The features reported include protein domains, variants, helices, ligand binding residues, catalytic sites, transmembrane domains, InterPro domains, and known somatic mutations in different types of cancer. This information is extracted from resources such as UniProt, COSMIC, InterPro and Appris. It can also identify mutations affecting the interfaces of protein complexes.

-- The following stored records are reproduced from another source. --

(* Let $\mathcal{A}s_3\langle X\rangle$ be the free third-type associative algebra. For all $a,b,c,d\in\mathcal{A}s_3\langle X\rangle$, \[ [[a,b],[c,d]]=[[a,b],\{c,d\}]=[\{a,b\},\{c,d\}]=\{\{a,b\},[c,d]\}=\{[a,b],[c,d]\}=0 \] and \[ [[[a,b],c],d]=\{[[a,b],c],d\}=[\{[a,b],c\},d]=[[\{a,b\},c],d]=[\{\{a,b\},c\},d]=\{[\{a,b\},c],d\}=\{\{[a,b],c\},d\}=0. \]
   Context: An associative algebra is called of the third type if it satisfies $abc+bac-bca-cba=0$ for all $a,b,c$. $\mathcal{A}s_3\langle X\rangle$ is the free algebra of this variety on a countable set $X$ over a field of characteristic $0$. Here $[a,b]=ab-ba$ is the commutator and $\{a,b\}=ab+ba$ the anti-commutator. *)

theory Defs
  imports Main "HOL.Modules"
begin

definition comm :: "'a::ring \<Rightarrow> 'a \<Rightarrow> 'a" where
  "comm a b = a * b - b * a"

definition acomm :: "'a::ring \<Rightarrow> 'a \<Rightarrow> 'a" where
  "acomm a b = a * b + b * a"

text \<open>An associative (not necessarily unital) algebra over a field K of
characteristic 0: the multiplicative structure is a ring (class ring, which is
associative and non-unital), the scalar action makes it a K-module, and
multiplication is K-bilinear.\<close>
definition assoc_algebra :: "('k::field_char_0 \<Rightarrow> 'a::ring \<Rightarrow> 'a) \<Rightarrow> bool" where
  "assoc_algebra scale \<longleftrightarrow> module scale \<and>
     (\<forall>k a b. scale k (a * b) = scale k a * b) \<and>
     (\<forall>k a b. scale k (a * b) = a * scale k b)"

definition third_type :: "('k::field_char_0 \<Rightarrow> 'a::ring \<Rightarrow> 'a) \<Rightarrow> bool" where
  "third_type scale \<longleftrightarrow> assoc_algebra scale \<and>
     (\<forall>a b c::'a. a*b*c + b*a*c - b*c*a - c*b*a = 0)"

end

theory Submission
  imports Defs
begin

text \<open>If 2 is invertible, the third-type identity makes every product of four elements
invariant under all permutations of its factors: each adjacent transposition of the factors
is (twice, for the last two factors) an integer combination of instances of the identity,
multiplied on either side or with a product substituted for one argument.  Each of the twelve
brackets then expands into products of \<open>a, b, c, d\<close> whose coefficients sum to zero,
since every bracket contains a commutator.\<close>

definition third_type_defect :: "'a::ring \<Rightarrow> 'a \<Rightarrow> 'a \<Rightarrow> 'a" where
  "third_type_defect x y z = x*y*z + y*x*z - y*z*x - z*y*x"

lemma module_add_self_eq_zero:
  fixes scale :: "'k::field_char_0 \<Rightarrow> 'a::ab_group_add \<Rightarrow> 'a"
    and x :: 'a
  assumes "module scale" and "x + x = 0"
  shows "x = 0"
proof -
  interpret module scale by fact
  have "x = scale (1/2 + 1/2) x"
    by simp
  also have "\<dots> = scale (1/2) (x + x)"
    by (simp only: scale_left_distrib scale_right_distrib)
  finally show ?thesis
    using \<open>x + x = 0\<close> by simp
qed

context
  assumes third_type: "\<And>x y z :: 'a::ring. third_type_defect x y z = 0"
    and two_torsion_free: "\<And>x :: 'a. x + x = 0 \<Longrightarrow> x = 0"
begin

lemma product4_swap_34: "a * b * c * d = a * b * d * (c :: 'a)"
proof -
  have "(a*b*c*d - a*b*d*c) + (a*b*c*d - a*b*d*c) =
      third_type_defect b a c * d - third_type_defect b a d * c - b * third_type_defect c a d
      + third_type_defect (b*c) a d - third_type_defect (b*d) a c"
    by (simp add: third_type_defect_def algebra_simps)
  also have "\<dots> = 0"
    by (simp add: third_type)
  finally show ?thesis
    using two_torsion_free[of "a*b*c*d - a*b*d*c"] by simp
qed

lemma product4_swap_23: "a * b * c * d = a * c * b * (d :: 'a)"
proof -
  have "a*b*c*d - a*c*b*d = third_type_defect (a*b) c d - third_type_defect a c d * b
      - (a*c*b*d - a*c*d*b) - (c*a*b*d - c*a*d*b)"
    by (simp add: third_type_defect_def algebra_simps)
  also have "\<dots> = 0"
    by (simp add: third_type product4_swap_34)
  finally show ?thesis
    by simp
qed

lemma product4_swap_12: "a * b * c * d = b * a * c * (d :: 'a)"
proof -
  have "a*b*c*d - b*a*c*d = third_type_defect (a*b) c d - third_type_defect b (c*a) d
      - (b*a*c*d - b*c*a*d) - (c*a*d*b - c*d*a*b)"
    by (simp add: third_type_defect_def algebra_simps)
  also have "\<dots> = 0"
    by (simp add: third_type product4_swap_23)
  finally show ?thesis
    by simp
qed

text \<open>In right-associated form these are permutative rewrite rules, so the simplifier uses
them for ordered rewriting and thereby brings every product of four factors into one sorted
normal form.\<close>
lemmas product4_swaps_right_assoc =
  product4_swap_12[unfolded mult.assoc]
  product4_swap_23[unfolded mult.assoc]
  product4_swap_34[unfolded mult.assoc]

end

theorem mainTheorem5:
  fixes scale :: "'k::field_char_0 \<Rightarrow> 'a::ring \<Rightarrow> 'a"
  assumes "third_type scale"
  shows "\<forall>a b c d :: 'a.
    comm (comm a b) (comm c d) = 0 \<and>
    comm (comm a b) (acomm c d) = 0 \<and>
    comm (acomm a b) (acomm c d) = 0 \<and>
    acomm (acomm a b) (comm c d) = 0 \<and>
    acomm (comm a b) (comm c d) = 0 \<and>
    comm (comm (comm a b) c) d = 0 \<and>
    acomm (comm (comm a b) c) d = 0 \<and>
    comm (acomm (comm a b) c) d = 0 \<and>
    comm (comm (acomm a b) c) d = 0 \<and>
    comm (acomm (acomm a b) c) d = 0 \<and>
    acomm (comm (acomm a b) c) d = 0 \<and>
    acomm (acomm (comm a b) c) d = 0"
proof -
  have identity: "third_type_defect x y z = 0" for x y z :: 'a
    using assms unfolding third_type_def third_type_defect_def by blast
  have "module scale"
    using assms unfolding third_type_def assoc_algebra_def by blast
  note product4_swaps_right_assoc[OF identity module_add_self_eq_zero[OF this]]
  then show ?thesis
    unfolding comm_def acomm_def by (simp add: algebra_simps)
qed

end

This workflow makes use of PDB files to calculate residues in close proximity. This information is used to find features close to the mutations, at a distance of 5 angstroms, or mutations in residues close to residues in a complex partner, at a distance of up to 8 angstroms.
PDBs are extracted from Interactome3d, which organized thousands of PDBs, for both experimental structures and structure models, of individual proteins and protein complexes.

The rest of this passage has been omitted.